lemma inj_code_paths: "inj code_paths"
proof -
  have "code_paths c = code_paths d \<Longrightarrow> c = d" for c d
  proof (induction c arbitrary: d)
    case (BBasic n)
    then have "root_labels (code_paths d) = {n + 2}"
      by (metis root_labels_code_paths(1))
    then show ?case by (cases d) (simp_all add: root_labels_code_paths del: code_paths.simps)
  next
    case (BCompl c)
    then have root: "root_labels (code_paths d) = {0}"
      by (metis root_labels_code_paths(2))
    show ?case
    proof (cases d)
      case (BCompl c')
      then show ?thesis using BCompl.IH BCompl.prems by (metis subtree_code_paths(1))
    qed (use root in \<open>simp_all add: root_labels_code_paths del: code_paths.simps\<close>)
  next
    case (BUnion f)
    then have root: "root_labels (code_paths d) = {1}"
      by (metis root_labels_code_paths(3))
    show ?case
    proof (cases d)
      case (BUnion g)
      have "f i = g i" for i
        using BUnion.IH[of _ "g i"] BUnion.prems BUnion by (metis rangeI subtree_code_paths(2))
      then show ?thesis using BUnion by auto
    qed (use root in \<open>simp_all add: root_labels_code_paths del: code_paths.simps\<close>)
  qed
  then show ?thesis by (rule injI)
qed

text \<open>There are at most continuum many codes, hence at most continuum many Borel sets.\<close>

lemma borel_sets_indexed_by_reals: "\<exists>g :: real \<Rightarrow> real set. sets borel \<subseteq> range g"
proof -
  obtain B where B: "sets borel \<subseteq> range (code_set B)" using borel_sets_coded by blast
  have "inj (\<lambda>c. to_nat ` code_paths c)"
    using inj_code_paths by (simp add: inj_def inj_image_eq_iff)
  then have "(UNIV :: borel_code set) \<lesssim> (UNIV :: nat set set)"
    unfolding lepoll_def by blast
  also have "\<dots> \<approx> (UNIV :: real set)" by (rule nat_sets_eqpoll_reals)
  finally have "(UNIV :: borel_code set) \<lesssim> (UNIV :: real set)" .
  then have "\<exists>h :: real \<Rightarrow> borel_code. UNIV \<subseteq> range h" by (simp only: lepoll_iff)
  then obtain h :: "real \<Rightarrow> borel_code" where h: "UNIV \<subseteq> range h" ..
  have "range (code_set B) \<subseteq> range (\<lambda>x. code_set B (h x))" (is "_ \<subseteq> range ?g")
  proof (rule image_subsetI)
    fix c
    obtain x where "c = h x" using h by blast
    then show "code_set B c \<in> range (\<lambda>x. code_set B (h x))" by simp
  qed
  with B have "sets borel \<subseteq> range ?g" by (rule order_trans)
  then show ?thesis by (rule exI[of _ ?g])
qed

--

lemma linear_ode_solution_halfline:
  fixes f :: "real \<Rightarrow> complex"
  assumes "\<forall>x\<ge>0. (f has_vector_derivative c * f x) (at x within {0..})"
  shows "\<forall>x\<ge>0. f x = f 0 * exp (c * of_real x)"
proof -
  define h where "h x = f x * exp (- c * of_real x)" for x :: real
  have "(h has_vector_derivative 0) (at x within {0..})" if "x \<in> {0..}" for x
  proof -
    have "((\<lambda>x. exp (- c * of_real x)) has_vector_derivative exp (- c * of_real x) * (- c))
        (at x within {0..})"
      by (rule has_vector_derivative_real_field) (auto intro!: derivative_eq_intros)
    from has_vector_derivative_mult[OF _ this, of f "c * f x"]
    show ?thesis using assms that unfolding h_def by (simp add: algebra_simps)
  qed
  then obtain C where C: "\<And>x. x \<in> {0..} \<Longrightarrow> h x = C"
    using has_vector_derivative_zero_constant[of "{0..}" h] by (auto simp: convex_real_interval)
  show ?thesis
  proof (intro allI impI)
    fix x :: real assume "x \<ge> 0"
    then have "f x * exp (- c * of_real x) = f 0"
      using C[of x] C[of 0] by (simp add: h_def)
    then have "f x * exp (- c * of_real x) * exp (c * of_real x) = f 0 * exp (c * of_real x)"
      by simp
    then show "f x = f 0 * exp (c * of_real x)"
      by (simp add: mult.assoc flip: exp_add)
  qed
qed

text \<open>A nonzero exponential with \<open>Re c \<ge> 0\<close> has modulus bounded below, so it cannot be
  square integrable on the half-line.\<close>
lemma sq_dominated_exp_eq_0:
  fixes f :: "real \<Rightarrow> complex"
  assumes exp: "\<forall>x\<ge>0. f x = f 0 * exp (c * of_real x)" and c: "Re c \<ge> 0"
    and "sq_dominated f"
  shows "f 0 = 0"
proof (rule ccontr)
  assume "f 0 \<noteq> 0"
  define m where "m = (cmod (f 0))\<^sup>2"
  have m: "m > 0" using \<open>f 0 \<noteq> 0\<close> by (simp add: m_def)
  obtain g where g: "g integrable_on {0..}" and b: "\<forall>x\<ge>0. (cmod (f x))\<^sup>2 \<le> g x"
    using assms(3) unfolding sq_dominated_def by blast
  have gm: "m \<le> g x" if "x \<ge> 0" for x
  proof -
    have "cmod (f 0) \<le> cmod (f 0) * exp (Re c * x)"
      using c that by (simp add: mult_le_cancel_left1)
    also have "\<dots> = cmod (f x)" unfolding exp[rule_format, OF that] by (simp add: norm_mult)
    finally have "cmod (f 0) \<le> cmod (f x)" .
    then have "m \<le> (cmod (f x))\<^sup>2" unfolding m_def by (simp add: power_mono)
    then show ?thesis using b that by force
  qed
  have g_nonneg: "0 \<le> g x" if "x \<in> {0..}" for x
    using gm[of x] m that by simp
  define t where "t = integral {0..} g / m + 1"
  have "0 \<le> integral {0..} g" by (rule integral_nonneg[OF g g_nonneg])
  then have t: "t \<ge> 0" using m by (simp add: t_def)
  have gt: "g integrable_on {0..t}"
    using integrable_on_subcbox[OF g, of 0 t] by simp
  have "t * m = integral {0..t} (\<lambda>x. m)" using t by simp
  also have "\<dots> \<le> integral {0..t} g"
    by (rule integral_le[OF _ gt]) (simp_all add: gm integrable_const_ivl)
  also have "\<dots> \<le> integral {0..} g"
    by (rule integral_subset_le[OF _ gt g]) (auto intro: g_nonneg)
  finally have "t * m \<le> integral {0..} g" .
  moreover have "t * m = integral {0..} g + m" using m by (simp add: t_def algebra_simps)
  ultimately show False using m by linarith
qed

▶ [PROBLEM DETAILS]
The answer is each line in which the word "lesssim" occurs, copied from the material above.

▶ [TASK RESPONSE]
  then have "(UNIV :: borel_code set) \<lesssim> (UNIV :: nat set set)"
  finally have "(UNIV :: borel_code set) \<lesssim> (UNIV :: real set)" .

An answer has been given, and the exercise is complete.